▶ _WORK REQUIRED_: Repeat every record exactly.

▶ _RECORDS FOR THIS EXERCISE_:
******************************

definition linear_op :: "(vec \<Rightarrow> vec) \<Rightarrow> bool" where
  "linear_op T \<longleftrightarrow> (\<forall>x\<in>ell2. T x \<in> ell2) \<and>
     (\<forall>x\<in>ell2. \<forall>y\<in>ell2. \<forall>a b. T (vadd (vscale a x) (vscale b y)) = vadd (vscale a (T x)) (vscale b (T y)))"

lemma linear_op_in: "linear_op T \<Longrightarrow> x \<in> ell2 \<Longrightarrow> T x \<in> ell2"
  by (simp add: linear_op_def)

lemma linear_op_comb:
  "linear_op T \<Longrightarrow> x \<in> ell2 \<Longrightarrow> y \<in> ell2 \<Longrightarrow> T (vadd (vscale a x) (vscale b y)) = vadd (vscale a (T x)) (vscale b (T y))"
  by (simp add: linear_op_def)

lemma linear_op_add: "linear_op T \<Longrightarrow> x \<in> ell2 \<Longrightarrow> y \<in> ell2 \<Longrightarrow> T (vadd x y) = vadd (T x) (T y)"
  using linear_op_comb[of T x y 1 1] by (simp add: vscale_def)

lemma linear_op_scale: "linear_op T \<Longrightarrow> x \<in> ell2 \<Longrightarrow> T (vscale a x) = vscale a (T x)"
  using linear_op_comb[of T x x a 0] by (simp add: vscale_def vadd_def)

lemma linear_op_diff: "linear_op T \<Longrightarrow> x \<in> ell2 \<Longrightarrow> y \<in> ell2 \<Longrightarrow> T (vsub x y) = vsub (T x) (T y)"
  using linear_op_comb[of T x y 1 "-1"] by (simp add: vscale_def vadd_def vsub_def)

lemma linear_op_zero: "linear_op T \<Longrightarrow> T (\<lambda>n. 0) = (\<lambda>n. 0)"
  using linear_op_diff[of T "\<lambda>n. 0" "\<lambda>n. 0"] by (simp add: vsub_def)

lemma linear_op_id: "linear_op (\<lambda>x. x)"
  by (simp add: linear_op_def)

lemma linear_op_compose: "linear_op A \<Longrightarrow> linear_op B \<Longrightarrow> linear_op (\<lambda>x. A (B x))"
  unfolding linear_op_def by (simp add: ell2_scale)

lemma linear_op_sub:
  assumes "linear_op A" "linear_op B"
  shows "linear_op (\<lambda>x. vsub (A x) (B x))"
  unfolding linear_op_def
proof (intro conjI ballI allI)
  show "vsub (A x) (B x) \<in> ell2" if "x \<in> ell2" for x
    using that assms by (simp add: linear_op_in ell2_sub)
  show "vsub (A (vadd (vscale a x) (vscale b y))) (B (vadd (vscale a x) (vscale b y))) =
        vadd (vscale a (vsub (A x) (B x))) (vscale b (vsub (A y) (B y)))"
    if "x \<in> ell2" "y \<in> ell2" for x y a b
    using linear_op_comb[OF assms(1) that] linear_op_comb[OF assms(2) that]
    by (simp add: vsub_def vadd_def vscale_def fun_eq_iff algebra_simps)
qed

lemma bounded_op_imp_linear_op: "bounded_op T \<Longrightarrow> linear_op T"
  unfolding bounded_op_def linear_op_def by blast

lemma bounded_op_in: "bounded_op T \<Longrightarrow> x \<in> ell2 \<Longrightarrow> T x \<in> ell2"
  unfolding bounded_op_def by blast

lemma bounded_opI: "linear_op T \<Longrightarrow> (\<And>x. x \<in> ell2 \<Longrightarrow> l2norm (T x) \<le> K * l2norm x) \<Longrightarrow> bounded_op T"
  unfolding bounded_op_def linear_op_def by blast

lemma bounded_op_bound:
  assumes "bounded_op T"
  obtains K where "0 < K" "\<And>x. x \<in> ell2 \<Longrightarrow> l2norm (T x) \<le> K * l2norm x"
proof -
  obtain K where K: "\<forall>x\<in>ell2. l2norm (T x) \<le> K * l2norm x"
    using assms unfolding bounded_op_def by blast
  have "l2norm (T x) \<le> max K 1 * l2norm x" if "x \<in> ell2" for x
    using K that mult_right_mono[OF max.cobounded1 l2norm_nonneg[OF that]] by (meson order_trans)
  then show ?thesis
    using that[of "max K 1"] by simp
qed

lemma bounded_op_compose:
  assumes "bounded_op A" "bounded_op B"
  shows "bounded_op (\<lambda>x. A (B x))"
proof -
  obtain KA where KA: "0 < KA" "\<And>x. x \<in> ell2 \<Longrightarrow> l2norm (A x) \<le> KA * l2norm x"
    using bounded_op_bound[OF assms(1)] by blast
  obtain KB where KB: "\<And>x. x \<in> ell2 \<Longrightarrow> l2norm (B x) \<le> KB * l2norm x"
    using bounded_op_bound[OF assms(2)] by blast
  have "l2norm (A (B x)) \<le> (KA * KB) * l2norm x" if "x \<in> ell2" for x
    using KA(2)[OF bounded_op_in[OF assms(2) that]] mult_left_mono[OF KB[OF that] less_imp_le[OF KA(1)]]
    by (simp add: mult.assoc)
  then show ?thesis
    using assms by (blast intro: bounded_opI linear_op_compose bounded_op_imp_linear_op)
qed

lemma bounded_op_sub:
  assumes "bounded_op A" "bounded_op B"
  shows "bounded_op (\<lambda>x. vsub (A x) (B x))"
proof -
  obtain KA where KA: "\<And>x. x \<in> ell2 \<Longrightarrow> l2norm (A x) \<le> KA * l2norm x"
    using bounded_op_bound[OF assms(1)] by blast
  obtain KB where KB: "\<And>x. x \<in> ell2 \<Longrightarrow> l2norm (B x) \<le> KB * l2norm x"
    using bounded_op_bound[OF assms(2)] by blast
  have "l2norm (vsub (A x) (B x)) \<le> (KA + KB) * l2norm x" if "x \<in> ell2" for x
    using l2norm_diff_le[OF bounded_op_in[OF assms(1) that] bounded_op_in[OF assms(2) that]] KA[OF that] KB[OF that]
    by (simp add: distrib_right)
  then show ?thesis
    using assms by (blast intro: bounded_opI linear_op_sub bounded_op_imp_linear_op)
qed

lemma l2_Cauchy_dominated:
  assumes f: "\<And>k. f k \<in> ell2" and g: "l2_Cauchy g" and B: "0 \<le> B"
    and dom: "\<And>m n. l2normsq (vsub (f m) (f n)) \<le> B * l2norm (vsub (g m) (g n))"
  shows "l2_Cauchy f"
proof (rule l2_Cauchy_comparison[OF f])
  show "l2norm (vsub (f m) (f n)) \<le> (\<lambda>p. sqrt (B * l2_Cauchy_dist g p)) (m, n)" for m n
    using dom[of m n] by (simp add: l2norm_eq_sqrt)
  have "((\<lambda>p. sqrt (B * l2_Cauchy_dist g p)) \<longlongrightarrow> sqrt (B * 0)) (sequentially \<times>\<^sub>F sequentially)"
    using g unfolding l2_Cauchy_def by (intro tendsto_intros) auto
  then show "((\<lambda>p. sqrt (B * l2_Cauchy_dist g p)) \<longlongrightarrow> 0) (sequentially \<times>\<^sub>F sequentially)"
    by simp
qed

definition precompact_op :: "(vec \<Rightarrow> vec) \<Rightarrow> bool" where
  "precompact_op T \<longleftrightarrow> (\<forall>(xs :: nat \<Rightarrow> vec) M. (\<forall>k. xs k \<in> ell2 \<and> l2norm (xs k) \<le> M) \<longrightarrow>
     (\<exists>r. strict_mono r \<and> l2_Cauchy (\<lambda>k. T (xs (r k)))))"

lemma precompact_opD:
  fixes xs :: "nat \<Rightarrow> vec"
  assumes "precompact_op T" "\<forall>k. xs k \<in> ell2 \<and> l2norm (xs k) \<le> M"
  obtains r where "strict_mono r" "l2_Cauchy (\<lambda>k. T (xs (r k)))"
  using assms(1)[unfolded precompact_op_def, THEN spec, THEN spec, THEN mp, OF assms(2)] by blast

******************************

▶ _WRITTEN RESPONSE_:
definition linear_op :: "(vec \<Rightarrow> vec) \<Rightarrow> bool" where
  "linear_op T \<longleftrightarrow> (\<forall>x\<in>ell2. T x \<in> ell2) \<and>
     (\<forall>x\<in>ell2. \<forall>y\<in>ell2. \<forall>a b. T (vadd (vscale a x) (vscale b y)) = vadd (vscale a (T x)) (vscale b (T y)))"

lemma linear_op_in: "linear_op T \<Longrightarrow> x \<in> ell2 \<Longrightarrow> T x \<in> ell2"
  by (simp add: linear_op_def)

lemma linear_op_comb:
  "linear_op T \<Longrightarrow> x \<in> ell2 \<Longrightarrow> y \<in> ell2 \<Longrightarrow> T (vadd (vscale a x) (vscale b y)) = vadd (vscale a (T x)) (vscale b (T y))"
  by (simp add: linear_op_def)

lemma linear_op_add: "linear_op T \<Longrightarrow> x \<in> ell2 \<Longrightarrow> y \<in> ell2 \<Longrightarrow> T (vadd x y) = vadd (T x) (T y)"
  using linear_op_comb[of T x y 1 1] by (simp add: vscale_def)

lemma linear_op_scale: "linear_op T \<Longrightarrow> x \<in> ell2 \<Longrightarrow> T (vscale a x) = vscale a (T x)"
  using linear_op_comb[of T x x a 0] by (simp add: vscale_def vadd_def)

lemma linear_op_diff: "linear_op T \<Longrightarrow> x \<in> ell2 \<Longrightarrow> y \<in> ell2 \<Longrightarrow> T (vsub x y) = vsub (T x) (T y)"
  using linear_op_comb[of T x y 1 "-1"] by (simp add: vscale_def vadd_def vsub_def)

lemma linear_op_zero: "linear_op T \<Longrightarrow> T (\<lambda>n. 0) = (\<lambda>n. 0)"
  using linear_op_diff[of T "\<lambda>n. 0" "\<lambda>n. 0"] by (simp add: vsub_def)

lemma linear_op_id: "linear_op (\<lambda>x. x)"
  by (simp add: linear_op_def)

lemma linear_op_compose: "linear_op A \<Longrightarrow> linear_op B \<Longrightarrow> linear_op (\<lambda>x. A (B x))"
  unfolding linear_op_def by (simp add: ell2_scale)

lemma linear_op_sub:
  assumes "linear_op A" "linear_op B"
  shows "linear_op (\<lambda>x. vsub (A x) (B x))"
  unfolding linear_op_def
proof (intro conjI ballI allI)
  show "vsub (A x) (B x) \<in> ell2" if "x \<in> ell2" for x
    using that assms by (simp add: linear_op_in ell2_sub)
  show "vsub (A (vadd (vscale a x) (vscale b y))) (B (vadd (vscale a x) (vscale b y))) =
        vadd (vscale a (vsub (A x) (B x))) (vscale b (vsub (A y) (B y)))"
    if "x \<in> ell2" "y \<in> ell2" for x y a b
    using linear_op_comb[OF assms(1) that] linear_op_comb[OF assms(2) that]
    by (simp add: vsub_def vadd_def vscale_def fun_eq_iff algebra_simps)
qed

lemma bounded_op_imp_linear_op: "bounded_op T \<Longrightarrow> linear_op T"
  unfolding bounded_op_def linear_op_def by blast

lemma bounded_op_in: "bounded_op T \<Longrightarrow> x \<in> ell2 \<Longrightarrow> T x \<in> ell2"
  unfolding bounded_op_def by blast

lemma bounded_opI: "linear_op T \<Longrightarrow> (\<And>x. x \<in> ell2 \<Longrightarrow> l2norm (T x) \<le> K * l2norm x) \<Longrightarrow> bounded_op T"
  unfolding bounded_op_def linear_op_def by blast

lemma bounded_op_bound:
  assumes "bounded_op T"
  obtains K where "0 < K" "\<And>x. x \<in> ell2 \<Longrightarrow> l2norm (T x) \<le> K * l2norm x"
proof -
  obtain K where K: "\<forall>x\<in>ell2. l2norm (T x) \<le> K * l2norm x"
    using assms unfolding bounded_op_def by blast
  have "l2norm (T x) \<le> max K 1 * l2norm x" if "x \<in> ell2" for x
    using K that mult_right_mono[OF max.cobounded1 l2norm_nonneg[OF that]] by (meson order_trans)
  then show ?thesis
    using that[of "max K 1"] by simp
qed

lemma bounded_op_compose:
  assumes "bounded_op A" "bounded_op B"
  shows "bounded_op (\<lambda>x. A (B x))"
proof -
  obtain KA where KA: "0 < KA" "\<And>x. x \<in> ell2 \<Longrightarrow> l2norm (A x) \<le> KA * l2norm x"
    using bounded_op_bound[OF assms(1)] by blast
  obtain KB where KB: "\<And>x. x \<in> ell2 \<Longrightarrow> l2norm (B x) \<le> KB * l2norm x"
    using bounded_op_bound[OF assms(2)] by blast
  have "l2norm (A (B x)) \<le> (KA * KB) * l2norm x" if "x \<in> ell2" for x
    using KA(2)[OF bounded_op_in[OF assms(2) that]] mult_left_mono[OF KB[OF that] less_imp_le[OF KA(1)]]
    by (simp add: mult.assoc)
  then show ?thesis
    using assms by (blast intro: bounded_opI linear_op_compose bounded_op_imp_linear_op)
qed

lemma bounded_op_sub:
  assumes "bounded_op A" "bounded_op B"
  shows "bounded_op (\<lambda>x. vsub (A x) (B x))"
proof -
  obtain KA where KA: "\<And>x. x \<in> ell2 \<Longrightarrow> l2norm (A x) \<le> KA * l2norm x"
    using bounded_op_bound[OF assms(1)] by blast
  obtain KB where KB: "\<And>x. x \<in> ell2 \<Longrightarrow> l2norm (B x) \<le> KB * l2norm x"
    using bounded_op_bound[OF assms(2)] by blast
  have "l2norm (vsub (A x) (B x)) \<le> (KA + KB) * l2norm x" if "x \<in> ell2" for x
    using l2norm_diff_le[OF bounded_op_in[OF assms(1) that] bounded_op_in[OF assms(2) that]] KA[OF that] KB[OF that]
    by (simp add: distrib_right)
  then show ?thesis
    using assms by (blast intro: bounded_opI linear_op_sub bounded_op_imp_linear_op)
qed

lemma l2_Cauchy_dominated:
  assumes f: "\<And>k. f k \<in> ell2" and g: "l2_Cauchy g" and B: "0 \<le> B"
    and dom: "\<And>m n. l2normsq (vsub (f m) (f n)) \<le> B * l2norm (vsub (g m) (g n))"
  shows "l2_Cauchy f"
proof (rule l2_Cauchy_comparison[OF f])
  show "l2norm (vsub (f m) (f n)) \<le> (\<lambda>p. sqrt (B * l2_Cauchy_dist g p)) (m, n)" for m n
    using dom[of m n] by (simp add: l2norm_eq_sqrt)
  have "((\<lambda>p. sqrt (B * l2_Cauchy_dist g p)) \<longlongrightarrow> sqrt (B * 0)) (sequentially \<times>\<^sub>F sequentially)"
    using g unfolding l2_Cauchy_def by (intro tendsto_intros) auto
  then show "((\<lambda>p. sqrt (B * l2_Cauchy_dist g p)) \<longlongrightarrow> 0) (sequentially \<times>\<^sub>F sequentially)"
    by simp
qed

definition precompact_op :: "(vec \<Rightarrow> vec) \<Rightarrow> bool" where
  "precompact_op T \<longleftrightarrow> (\<forall>(xs :: nat \<Rightarrow> vec) M. (\<forall>k. xs k \<in> ell2 \<and> l2norm (xs k) \<le> M) \<longrightarrow>
     (\<exists>r. strict_mono r \<and> l2_Cauchy (\<lambda>k. T (xs (r k)))))"

lemma precompact_opD:
  fixes xs :: "nat \<Rightarrow> vec"
  assumes "precompact_op T" "\<forall>k. xs k \<in> ell2 \<and> l2norm (xs k) \<le> M"
  obtains r where "strict_mono r" "l2_Cauchy (\<lambda>k. T (xs (r k)))"
  using assms(1)[unfolded precompact_op_def, THEN spec, THEN spec, THEN mp, OF assms(2)] by blast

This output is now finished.